=== Task brief ===
Retype only the lines at the head of the records, first through the one with "h m \<longleftrightarrow>", exactly as written.

*** Supplied information ***

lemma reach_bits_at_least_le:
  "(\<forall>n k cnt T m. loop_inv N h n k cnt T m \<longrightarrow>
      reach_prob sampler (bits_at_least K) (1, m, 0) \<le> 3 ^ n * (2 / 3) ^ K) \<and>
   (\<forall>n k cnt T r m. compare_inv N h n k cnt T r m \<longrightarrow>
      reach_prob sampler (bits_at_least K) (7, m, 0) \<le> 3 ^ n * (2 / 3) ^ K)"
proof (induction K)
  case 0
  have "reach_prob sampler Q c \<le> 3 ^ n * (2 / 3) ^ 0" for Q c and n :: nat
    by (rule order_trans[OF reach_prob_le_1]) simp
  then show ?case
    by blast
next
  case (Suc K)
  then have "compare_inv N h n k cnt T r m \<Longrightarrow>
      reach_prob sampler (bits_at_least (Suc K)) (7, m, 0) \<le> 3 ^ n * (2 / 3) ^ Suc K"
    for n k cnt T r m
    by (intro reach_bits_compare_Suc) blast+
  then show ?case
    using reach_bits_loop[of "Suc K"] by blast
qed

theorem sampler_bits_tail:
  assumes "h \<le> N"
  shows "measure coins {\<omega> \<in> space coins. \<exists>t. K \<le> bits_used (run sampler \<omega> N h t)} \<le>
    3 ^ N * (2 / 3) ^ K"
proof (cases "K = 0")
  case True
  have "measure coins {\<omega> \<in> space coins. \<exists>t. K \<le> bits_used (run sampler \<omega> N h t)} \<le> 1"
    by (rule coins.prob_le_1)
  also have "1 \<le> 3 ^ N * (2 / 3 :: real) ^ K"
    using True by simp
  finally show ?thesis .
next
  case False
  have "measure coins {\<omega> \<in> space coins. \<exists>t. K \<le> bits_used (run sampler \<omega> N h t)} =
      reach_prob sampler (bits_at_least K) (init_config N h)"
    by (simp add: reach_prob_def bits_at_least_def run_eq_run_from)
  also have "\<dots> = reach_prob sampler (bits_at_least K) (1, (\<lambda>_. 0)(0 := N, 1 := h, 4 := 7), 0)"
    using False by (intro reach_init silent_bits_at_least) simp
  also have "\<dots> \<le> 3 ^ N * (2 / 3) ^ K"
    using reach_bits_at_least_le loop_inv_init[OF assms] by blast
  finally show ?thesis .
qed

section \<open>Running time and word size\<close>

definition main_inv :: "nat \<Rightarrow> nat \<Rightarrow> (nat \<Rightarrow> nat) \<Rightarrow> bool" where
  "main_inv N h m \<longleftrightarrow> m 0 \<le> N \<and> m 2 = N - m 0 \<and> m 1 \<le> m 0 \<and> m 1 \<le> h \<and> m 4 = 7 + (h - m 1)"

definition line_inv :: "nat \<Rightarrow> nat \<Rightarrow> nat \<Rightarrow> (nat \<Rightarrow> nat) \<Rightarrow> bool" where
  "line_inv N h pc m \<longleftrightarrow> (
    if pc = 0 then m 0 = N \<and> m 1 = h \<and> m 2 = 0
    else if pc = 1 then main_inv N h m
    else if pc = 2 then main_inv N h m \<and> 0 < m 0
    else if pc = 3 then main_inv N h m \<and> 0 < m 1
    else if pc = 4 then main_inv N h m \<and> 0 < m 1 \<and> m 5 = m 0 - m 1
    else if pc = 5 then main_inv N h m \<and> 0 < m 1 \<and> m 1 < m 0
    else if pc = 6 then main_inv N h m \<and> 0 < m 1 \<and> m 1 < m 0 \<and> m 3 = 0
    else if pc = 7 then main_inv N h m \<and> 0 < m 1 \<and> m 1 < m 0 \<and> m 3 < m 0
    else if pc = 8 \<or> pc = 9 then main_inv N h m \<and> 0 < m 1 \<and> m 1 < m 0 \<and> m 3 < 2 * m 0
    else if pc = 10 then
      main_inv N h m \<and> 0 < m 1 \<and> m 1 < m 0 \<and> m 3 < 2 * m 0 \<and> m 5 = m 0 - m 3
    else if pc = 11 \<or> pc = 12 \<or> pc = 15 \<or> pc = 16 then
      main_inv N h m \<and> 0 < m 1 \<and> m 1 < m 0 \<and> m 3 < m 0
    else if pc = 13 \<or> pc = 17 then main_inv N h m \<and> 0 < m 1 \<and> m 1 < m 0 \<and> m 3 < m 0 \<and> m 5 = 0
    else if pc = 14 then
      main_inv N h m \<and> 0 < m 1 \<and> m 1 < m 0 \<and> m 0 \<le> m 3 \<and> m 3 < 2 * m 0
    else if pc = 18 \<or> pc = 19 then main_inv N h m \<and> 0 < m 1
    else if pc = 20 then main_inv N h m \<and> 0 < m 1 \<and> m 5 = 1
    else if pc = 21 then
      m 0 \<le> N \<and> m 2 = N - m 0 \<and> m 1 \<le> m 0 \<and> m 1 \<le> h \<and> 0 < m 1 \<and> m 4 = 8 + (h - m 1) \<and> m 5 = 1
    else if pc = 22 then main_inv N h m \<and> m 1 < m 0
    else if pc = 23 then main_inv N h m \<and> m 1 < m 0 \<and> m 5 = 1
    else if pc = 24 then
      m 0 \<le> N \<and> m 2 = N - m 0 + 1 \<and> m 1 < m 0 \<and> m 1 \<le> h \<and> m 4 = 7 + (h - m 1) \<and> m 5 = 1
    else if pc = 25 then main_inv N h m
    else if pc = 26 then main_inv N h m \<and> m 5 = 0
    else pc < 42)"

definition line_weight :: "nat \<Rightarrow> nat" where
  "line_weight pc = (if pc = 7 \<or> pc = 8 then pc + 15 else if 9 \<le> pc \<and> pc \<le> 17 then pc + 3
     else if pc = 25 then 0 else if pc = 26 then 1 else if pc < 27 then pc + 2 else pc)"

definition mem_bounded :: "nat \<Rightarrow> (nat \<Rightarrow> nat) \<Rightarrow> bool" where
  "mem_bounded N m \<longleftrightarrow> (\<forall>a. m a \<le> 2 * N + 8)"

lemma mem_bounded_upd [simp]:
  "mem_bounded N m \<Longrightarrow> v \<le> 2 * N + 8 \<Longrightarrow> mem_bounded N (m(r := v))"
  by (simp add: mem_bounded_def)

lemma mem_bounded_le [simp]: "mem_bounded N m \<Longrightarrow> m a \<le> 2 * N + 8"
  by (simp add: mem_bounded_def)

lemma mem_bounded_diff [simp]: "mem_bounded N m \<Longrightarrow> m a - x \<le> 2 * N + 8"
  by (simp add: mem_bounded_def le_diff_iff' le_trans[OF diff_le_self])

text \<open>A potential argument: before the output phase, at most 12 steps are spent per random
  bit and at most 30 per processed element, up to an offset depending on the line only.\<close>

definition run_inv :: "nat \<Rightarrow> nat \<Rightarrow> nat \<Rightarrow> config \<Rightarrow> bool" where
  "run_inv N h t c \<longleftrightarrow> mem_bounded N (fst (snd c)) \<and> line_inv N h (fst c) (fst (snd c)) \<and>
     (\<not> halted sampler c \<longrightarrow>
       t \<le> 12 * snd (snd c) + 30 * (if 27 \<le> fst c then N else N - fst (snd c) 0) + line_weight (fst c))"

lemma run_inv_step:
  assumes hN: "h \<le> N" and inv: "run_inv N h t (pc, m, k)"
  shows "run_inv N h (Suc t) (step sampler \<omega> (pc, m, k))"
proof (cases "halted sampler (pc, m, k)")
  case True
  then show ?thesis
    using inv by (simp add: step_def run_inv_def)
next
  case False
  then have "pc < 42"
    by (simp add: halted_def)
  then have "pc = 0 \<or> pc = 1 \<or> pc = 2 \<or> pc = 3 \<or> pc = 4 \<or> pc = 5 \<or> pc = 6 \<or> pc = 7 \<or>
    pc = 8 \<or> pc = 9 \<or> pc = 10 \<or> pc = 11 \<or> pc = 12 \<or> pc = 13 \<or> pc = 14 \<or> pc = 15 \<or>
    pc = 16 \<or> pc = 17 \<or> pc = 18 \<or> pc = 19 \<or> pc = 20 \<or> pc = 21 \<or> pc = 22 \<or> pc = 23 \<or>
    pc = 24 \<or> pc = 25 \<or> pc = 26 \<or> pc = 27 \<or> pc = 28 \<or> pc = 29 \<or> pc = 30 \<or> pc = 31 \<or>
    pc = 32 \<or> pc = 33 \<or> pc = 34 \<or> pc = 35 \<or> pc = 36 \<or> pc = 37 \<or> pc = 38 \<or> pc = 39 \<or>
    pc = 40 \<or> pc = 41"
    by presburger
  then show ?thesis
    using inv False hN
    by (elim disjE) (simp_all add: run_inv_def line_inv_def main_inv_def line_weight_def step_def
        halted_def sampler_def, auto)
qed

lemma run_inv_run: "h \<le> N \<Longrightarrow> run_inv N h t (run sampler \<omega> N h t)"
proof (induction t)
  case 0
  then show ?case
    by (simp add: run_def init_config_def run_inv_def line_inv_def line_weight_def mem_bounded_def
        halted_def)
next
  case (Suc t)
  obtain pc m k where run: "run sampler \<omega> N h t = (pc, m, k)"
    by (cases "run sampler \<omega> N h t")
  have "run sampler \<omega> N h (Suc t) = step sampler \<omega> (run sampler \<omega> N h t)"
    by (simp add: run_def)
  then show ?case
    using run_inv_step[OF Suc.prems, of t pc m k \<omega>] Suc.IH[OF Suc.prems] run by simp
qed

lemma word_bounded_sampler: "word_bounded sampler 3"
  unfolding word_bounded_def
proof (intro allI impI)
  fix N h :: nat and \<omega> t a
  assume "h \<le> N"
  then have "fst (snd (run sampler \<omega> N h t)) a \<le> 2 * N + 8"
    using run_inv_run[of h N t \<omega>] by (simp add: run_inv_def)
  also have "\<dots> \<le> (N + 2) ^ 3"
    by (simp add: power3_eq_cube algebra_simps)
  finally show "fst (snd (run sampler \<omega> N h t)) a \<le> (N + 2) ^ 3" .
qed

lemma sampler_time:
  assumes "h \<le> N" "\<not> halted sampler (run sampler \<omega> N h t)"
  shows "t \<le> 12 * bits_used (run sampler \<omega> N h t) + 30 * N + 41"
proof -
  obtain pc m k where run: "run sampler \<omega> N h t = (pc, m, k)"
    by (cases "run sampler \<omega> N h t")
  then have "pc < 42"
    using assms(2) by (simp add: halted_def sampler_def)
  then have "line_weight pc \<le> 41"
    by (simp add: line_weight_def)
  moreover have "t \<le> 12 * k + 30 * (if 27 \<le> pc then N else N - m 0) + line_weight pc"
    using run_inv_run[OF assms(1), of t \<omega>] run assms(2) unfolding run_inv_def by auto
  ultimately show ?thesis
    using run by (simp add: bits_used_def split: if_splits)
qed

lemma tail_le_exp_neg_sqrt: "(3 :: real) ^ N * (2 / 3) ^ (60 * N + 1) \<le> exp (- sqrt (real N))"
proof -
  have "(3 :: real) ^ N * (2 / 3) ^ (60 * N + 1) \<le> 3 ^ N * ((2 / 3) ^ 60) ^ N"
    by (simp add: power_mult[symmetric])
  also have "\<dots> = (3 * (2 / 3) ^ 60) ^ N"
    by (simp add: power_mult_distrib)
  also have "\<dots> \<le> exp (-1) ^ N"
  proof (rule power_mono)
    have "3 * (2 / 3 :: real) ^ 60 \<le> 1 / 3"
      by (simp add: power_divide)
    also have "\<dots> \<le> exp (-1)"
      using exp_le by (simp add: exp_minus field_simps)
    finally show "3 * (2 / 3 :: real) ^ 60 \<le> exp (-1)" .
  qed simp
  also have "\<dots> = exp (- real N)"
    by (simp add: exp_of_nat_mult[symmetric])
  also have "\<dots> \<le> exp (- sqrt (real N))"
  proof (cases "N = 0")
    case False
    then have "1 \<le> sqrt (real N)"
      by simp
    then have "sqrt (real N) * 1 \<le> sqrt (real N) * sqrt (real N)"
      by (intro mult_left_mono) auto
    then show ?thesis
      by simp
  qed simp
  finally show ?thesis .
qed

*** End of Supplied information ***

=== Answer to the problem ===
lemma reach_bits_at_least_le:
  "(\<forall>n k cnt T m. loop_inv N h n k cnt T m \<longrightarrow>
      reach_prob sampler (bits_at_least K) (1, m, 0) \<le> 3 ^ n * (2 / 3) ^ K) \<and>
   (\<forall>n k cnt T r m. compare_inv N h n k cnt T r m \<longrightarrow>
      reach_prob sampler (bits_at_least K) (7, m, 0) \<le> 3 ^ n * (2 / 3) ^ K)"
proof (induction K)
  case 0
  have "reach_prob sampler Q c \<le> 3 ^ n * (2 / 3) ^ 0" for Q c and n :: nat
    by (rule order_trans[OF reach_prob_le_1]) simp
  then show ?case
    by blast
next
  case (Suc K)
  then have "compare_inv N h n k cnt T r m \<Longrightarrow>
      reach_prob sampler (bits_at_least (Suc K)) (7, m, 0) \<le> 3 ^ n * (2 / 3) ^ Suc K"
    for n k cnt T r m
    by (intro reach_bits_compare_Suc) blast+
  then show ?case
    using reach_bits_loop[of "Suc K"] by blast
qed

theorem sampler_bits_tail:
  assumes "h \<le> N"
  shows "measure coins {\<omega> \<in> space coins. \<exists>t. K \<le> bits_used (run sampler \<omega> N h t)} \<le>
    3 ^ N * (2 / 3) ^ K"
proof (cases "K = 0")
  case True
  have "measure coins {\<omega> \<in> space coins. \<exists>t. K \<le> bits_used (run sampler \<omega> N h t)} \<le> 1"
    by (rule coins.prob_le_1)
  also have "1 \<le> 3 ^ N * (2 / 3 :: real) ^ K"
    using True by simp
  finally show ?thesis .
next
  case False
  have "measure coins {\<omega> \<in> space coins. \<exists>t. K \<le> bits_used (run sampler \<omega> N h t)} =
      reach_prob sampler (bits_at_least K) (init_config N h)"
    by (simp add: reach_prob_def bits_at_least_def run_eq_run_from)
  also have "\<dots> = reach_prob sampler (bits_at_least K) (1, (\<lambda>_. 0)(0 := N, 1 := h, 4 := 7), 0)"
    using False by (intro reach_init silent_bits_at_least) simp
  also have "\<dots> \<le> 3 ^ N * (2 / 3) ^ K"
    using reach_bits_at_least_le loop_inv_init[OF assms] by blast
  finally show ?thesis .
qed

section \<open>Running time and word size\<close>

definition main_inv :: "nat \<Rightarrow> nat \<Rightarrow> (nat \<Rightarrow> nat) \<Rightarrow> bool" where
  "main_inv N h m \<longleftrightarrow> m 0 \<le> N \<and> m 2 = N - m 0 \<and> m 1 \<le> m 0 \<and> m 1 \<le> h \<and> m 4 = 7 + (h - m 1)"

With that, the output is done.